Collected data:
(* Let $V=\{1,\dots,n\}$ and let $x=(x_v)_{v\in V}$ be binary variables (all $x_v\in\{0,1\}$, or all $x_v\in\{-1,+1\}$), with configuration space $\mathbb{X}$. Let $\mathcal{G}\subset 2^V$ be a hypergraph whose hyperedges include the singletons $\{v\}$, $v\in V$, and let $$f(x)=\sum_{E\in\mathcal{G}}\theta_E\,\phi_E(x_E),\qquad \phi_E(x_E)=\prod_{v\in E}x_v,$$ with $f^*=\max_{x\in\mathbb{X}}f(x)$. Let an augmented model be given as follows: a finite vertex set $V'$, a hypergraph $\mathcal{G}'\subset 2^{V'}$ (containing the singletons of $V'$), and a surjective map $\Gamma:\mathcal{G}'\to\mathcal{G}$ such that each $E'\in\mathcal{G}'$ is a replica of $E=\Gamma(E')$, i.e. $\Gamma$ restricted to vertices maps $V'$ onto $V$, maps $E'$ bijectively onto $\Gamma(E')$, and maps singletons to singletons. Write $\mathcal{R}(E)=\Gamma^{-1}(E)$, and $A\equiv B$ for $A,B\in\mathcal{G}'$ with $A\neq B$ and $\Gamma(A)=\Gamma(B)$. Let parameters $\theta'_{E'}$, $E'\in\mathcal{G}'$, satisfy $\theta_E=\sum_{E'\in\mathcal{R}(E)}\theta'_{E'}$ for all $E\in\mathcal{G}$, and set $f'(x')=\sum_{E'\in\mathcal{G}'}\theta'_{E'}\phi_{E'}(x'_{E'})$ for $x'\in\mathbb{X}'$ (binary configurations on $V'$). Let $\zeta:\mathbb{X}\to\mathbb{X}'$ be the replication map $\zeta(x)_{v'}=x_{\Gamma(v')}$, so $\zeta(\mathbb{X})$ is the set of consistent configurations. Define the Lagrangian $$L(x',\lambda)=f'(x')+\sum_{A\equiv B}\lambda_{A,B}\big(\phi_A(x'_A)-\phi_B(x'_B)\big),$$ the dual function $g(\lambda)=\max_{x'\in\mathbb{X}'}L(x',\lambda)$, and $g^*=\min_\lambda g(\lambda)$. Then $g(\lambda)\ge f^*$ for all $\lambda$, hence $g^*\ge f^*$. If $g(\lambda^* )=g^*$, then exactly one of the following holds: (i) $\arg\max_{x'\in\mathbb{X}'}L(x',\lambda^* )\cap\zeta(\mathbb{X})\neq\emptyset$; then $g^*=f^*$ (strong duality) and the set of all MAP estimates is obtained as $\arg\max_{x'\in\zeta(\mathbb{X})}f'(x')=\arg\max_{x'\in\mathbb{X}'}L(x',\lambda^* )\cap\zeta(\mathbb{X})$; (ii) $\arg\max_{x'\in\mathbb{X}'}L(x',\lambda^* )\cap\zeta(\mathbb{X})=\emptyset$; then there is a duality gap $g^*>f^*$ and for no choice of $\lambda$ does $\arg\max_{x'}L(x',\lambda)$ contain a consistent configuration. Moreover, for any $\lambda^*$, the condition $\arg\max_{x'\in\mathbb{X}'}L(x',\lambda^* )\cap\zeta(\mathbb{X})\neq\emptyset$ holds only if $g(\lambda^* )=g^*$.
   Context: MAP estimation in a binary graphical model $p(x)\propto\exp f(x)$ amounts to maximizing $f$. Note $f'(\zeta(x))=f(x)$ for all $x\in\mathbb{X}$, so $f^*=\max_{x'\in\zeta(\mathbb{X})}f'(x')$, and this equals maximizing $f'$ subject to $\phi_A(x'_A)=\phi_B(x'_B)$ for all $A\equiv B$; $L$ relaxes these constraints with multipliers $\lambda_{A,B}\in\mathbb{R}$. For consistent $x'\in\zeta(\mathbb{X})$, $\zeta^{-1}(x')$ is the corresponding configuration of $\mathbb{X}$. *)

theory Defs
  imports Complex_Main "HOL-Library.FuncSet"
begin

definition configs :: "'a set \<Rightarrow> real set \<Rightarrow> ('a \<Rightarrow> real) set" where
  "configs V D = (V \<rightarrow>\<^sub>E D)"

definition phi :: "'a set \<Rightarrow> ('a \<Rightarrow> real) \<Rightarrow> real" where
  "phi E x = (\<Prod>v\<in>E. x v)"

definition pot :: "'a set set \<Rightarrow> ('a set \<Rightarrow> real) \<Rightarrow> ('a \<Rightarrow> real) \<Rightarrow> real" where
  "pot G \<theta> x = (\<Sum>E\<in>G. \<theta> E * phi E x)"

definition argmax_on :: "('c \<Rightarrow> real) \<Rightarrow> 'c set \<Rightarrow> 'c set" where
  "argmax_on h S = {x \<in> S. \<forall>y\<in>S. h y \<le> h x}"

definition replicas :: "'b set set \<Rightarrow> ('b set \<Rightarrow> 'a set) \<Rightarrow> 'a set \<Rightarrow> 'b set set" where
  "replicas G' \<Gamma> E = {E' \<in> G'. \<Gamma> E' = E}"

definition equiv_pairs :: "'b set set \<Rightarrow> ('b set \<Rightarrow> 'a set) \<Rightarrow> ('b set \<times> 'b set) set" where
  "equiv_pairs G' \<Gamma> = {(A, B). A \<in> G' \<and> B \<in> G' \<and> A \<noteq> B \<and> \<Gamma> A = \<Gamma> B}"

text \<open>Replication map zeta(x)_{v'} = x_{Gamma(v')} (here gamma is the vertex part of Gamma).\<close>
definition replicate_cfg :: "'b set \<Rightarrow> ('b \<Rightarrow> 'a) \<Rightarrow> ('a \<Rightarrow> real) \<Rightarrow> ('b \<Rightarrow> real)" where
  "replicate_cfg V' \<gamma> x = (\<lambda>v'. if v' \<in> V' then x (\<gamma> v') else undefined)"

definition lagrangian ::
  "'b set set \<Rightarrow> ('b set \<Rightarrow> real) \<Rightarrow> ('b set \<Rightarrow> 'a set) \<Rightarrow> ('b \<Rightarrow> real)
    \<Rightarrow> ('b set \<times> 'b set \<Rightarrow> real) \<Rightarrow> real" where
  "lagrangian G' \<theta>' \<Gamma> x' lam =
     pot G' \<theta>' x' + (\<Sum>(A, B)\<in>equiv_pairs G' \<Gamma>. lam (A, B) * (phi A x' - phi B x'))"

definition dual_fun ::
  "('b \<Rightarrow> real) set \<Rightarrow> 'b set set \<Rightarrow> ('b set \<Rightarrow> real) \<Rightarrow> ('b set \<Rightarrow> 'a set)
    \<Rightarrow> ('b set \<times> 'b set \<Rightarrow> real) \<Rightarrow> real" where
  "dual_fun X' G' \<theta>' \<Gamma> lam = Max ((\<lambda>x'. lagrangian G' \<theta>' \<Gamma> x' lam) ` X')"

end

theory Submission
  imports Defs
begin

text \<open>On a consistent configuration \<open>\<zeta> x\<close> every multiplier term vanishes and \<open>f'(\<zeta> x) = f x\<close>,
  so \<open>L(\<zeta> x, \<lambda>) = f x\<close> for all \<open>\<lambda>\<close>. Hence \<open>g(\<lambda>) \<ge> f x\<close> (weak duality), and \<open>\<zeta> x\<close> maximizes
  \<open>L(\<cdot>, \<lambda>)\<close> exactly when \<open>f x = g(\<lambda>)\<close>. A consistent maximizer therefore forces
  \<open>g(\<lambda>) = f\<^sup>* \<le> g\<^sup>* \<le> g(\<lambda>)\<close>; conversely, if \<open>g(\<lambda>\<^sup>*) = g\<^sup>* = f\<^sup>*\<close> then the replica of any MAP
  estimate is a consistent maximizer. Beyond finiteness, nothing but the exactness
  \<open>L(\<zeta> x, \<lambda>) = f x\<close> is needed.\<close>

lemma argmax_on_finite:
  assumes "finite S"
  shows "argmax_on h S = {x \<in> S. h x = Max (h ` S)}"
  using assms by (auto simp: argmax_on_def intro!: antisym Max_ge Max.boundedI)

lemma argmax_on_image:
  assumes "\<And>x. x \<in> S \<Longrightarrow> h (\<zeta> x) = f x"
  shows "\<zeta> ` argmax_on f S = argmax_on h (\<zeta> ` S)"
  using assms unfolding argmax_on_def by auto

→ EXERCISE DIRECTIONS
Give again only the lines starting at the one that contains "using assms by" and running to the end of the data.

→ ANSWER FOR THE TASK
  using assms by (auto simp: argmax_on_def intro!: antisym Max_ge Max.boundedI)

lemma argmax_on_image:
  assumes "\<And>x. x \<in> S \<Longrightarrow> h (\<zeta> x) = f x"
  shows "\<zeta> ` argmax_on f S = argmax_on h (\<zeta> ` S)"
  using assms unfolding argmax_on_def by auto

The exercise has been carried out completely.